Lesion scoring; mixed background versus C57
Cross-sections of the brachiocephalic artery were assessed by a blinded observer and scored according to the criteria described and illustrated in Fig. 1. At 16-17 weeks of age, stressed ApoE−/− mice on a mixed C57BL/6J, Sv129 genetic background had significantly more class V lesions than stressed ApoE−/− mice on the C57BL/6J background (40% versus 0%; P=0.04, Fig. 2). These findings led us to focus our detailed studies on stress-induced effects on lesion phenotype in the mixed genetic background mice.

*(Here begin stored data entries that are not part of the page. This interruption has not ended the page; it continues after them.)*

lemma soft_threshold_cases:
  fixes M l1 r v :: real
  assumes "M > 0" and "l1 \<ge> 0" and "M * v = sgn r * max (\<bar>r\<bar> - l1) 0"
  obtains "v = 0" "\<bar>r\<bar> \<le> l1" | "v > 0" "M * v - r = - l1" | "v < 0" "M * v - r = l1"
proof (cases "\<bar>r\<bar> \<le> l1")
  case True
  then show ?thesis using assms that(1) by (simp add: max_def)
next
  case False
  then have "r > l1 \<or> r < - l1" by linarith
  then show ?thesis
  proof
    assume "r > l1"
    then have "M * v = r - l1" using assms(2,3) by (simp add: max_def)
    then have "v > 0" using \<open>r > l1\<close> assms(1) by (metis diff_gt_0_iff_gt zero_less_mult_pos)
    then show ?thesis using that(2) \<open>M * v = r - l1\<close> by simp
  next
    assume "r < - l1"
    then have "M * v = r + l1" using assms(2,3) by (simp add: max_def)
    then have "M * v < 0" using \<open>r < - l1\<close> by simp
    then have "v < 0" using assms(1) by (simp add: mult_less_0_iff)
    then show ?thesis using that(3) \<open>M * v = r + l1\<close> by simp
  qed
qed

lemma soft_threshold_subgradient:
  fixes M l1 r v z :: real
  assumes "M > 0" and "l1 \<ge> 0" and "M * v = sgn r * max (\<bar>r\<bar> - l1) 0"
  shows "0 \<le> (z - v) * (M * v - r) + l1 * \<bar>z\<bar> - l1 * \<bar>v\<bar>"
  using assms
proof (cases rule: soft_threshold_cases)
  case 1
  have "r * z \<le> \<bar>r\<bar> * \<bar>z\<bar>" by (metis abs_ge_self abs_mult)
  also have "\<dots> \<le> l1 * \<bar>z\<bar>" using 1 by (simp add: mult_right_mono)
  finally show ?thesis using 1 by (simp add: mult.commute)
next
  case 2
  have "l1 * z \<le> l1 * \<bar>z\<bar>" using assms(2) by (simp add: mult_left_mono)
  then show ?thesis by (simp only: 2(2)) (use 2(1) in \<open>simp add: algebra_simps\<close>)
next
  case 3
  have "l1 * (- z) \<le> l1 * \<bar>z\<bar>" using assms(2) by (intro mult_left_mono) auto
  then show ?thesis by (simp only: 3(2)) (use 3(1) in \<open>simp add: algebra_simps\<close>)
qed

lemma soft_threshold_three_point:
  fixes L lam l1 c g v z :: real
  assumes "L \<ge> 0" and "lam \<ge> 0" and "L + lam > 0" and "l1 \<ge> 0"
    and "(L + lam) * v = sgn (L * c - g) * max (\<bar>L * c - g\<bar> - l1) 0"
  shows "g * (v - c) + L / 2 * (v - c)\<^sup>2 + lam / 2 * v\<^sup>2 + l1 * \<bar>v\<bar> + L / 2 * (z - v)\<^sup>2
         \<le> g * (z - c) + L / 2 * (z - c)\<^sup>2 + lam / 2 * z\<^sup>2 + l1 * \<bar>z\<bar>"
proof -
  have "(g * (z - c) + L / 2 * (z - c)\<^sup>2 + lam / 2 * z\<^sup>2 + l1 * \<bar>z\<bar>)
        - (g * (v - c) + L / 2 * (v - c)\<^sup>2 + lam / 2 * v\<^sup>2 + l1 * \<bar>v\<bar> + L / 2 * (z - v)\<^sup>2)
      = ((z - v) * ((L + lam) * v - (L * c - g)) + l1 * \<bar>z\<bar> - l1 * \<bar>v\<bar>) + lam / 2 * (z - v)\<^sup>2"
    by (simp add: field_simps power2_eq_square)
  moreover have "0 \<le> (z - v) * ((L + lam) * v - (L * c - g)) + l1 * \<bar>z\<bar> - l1 * \<bar>v\<bar>"
    using soft_threshold_subgradient assms(3-5) by blast
  moreover have "0 \<le> lam / 2 * (z - v)\<^sup>2" using assms(2) by simp
  ultimately show ?thesis by linarith
qed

Neuropeptide Y immunoreactivity
Blood samples from 20-week-old mice were divided into platelet-rich (PRP) and platelet-poor (PPP) plasma fractions, and neuropeptide Y immunoreactivity (NPY-ir) was measured using an ELISA. NPY contained in the platelets (as measured in PRP) was elevated in stressed mice (16.44±1.26 ng/ml versus 8.66±0.87 ng/ml, P=0.001), but NPY present in the plasma (PPP) was not different between stressed and non-stressed mice (5.58±0.38 ng/ml versus 5.3±0.46 ng/ml; P not significant, n=9 per group, Fig. 3A).
Urine was collected at 20 weeks of age and corticosterone levels were measured using an ELISA. Corticosterone levels were higher in the urine of stressed mice compared with non-stressed mice (86.71±5.0 ng/ml versus 67.05±7.9 ng/ml, P=0.04, n=12 and 6, respectively; Fig. 3B).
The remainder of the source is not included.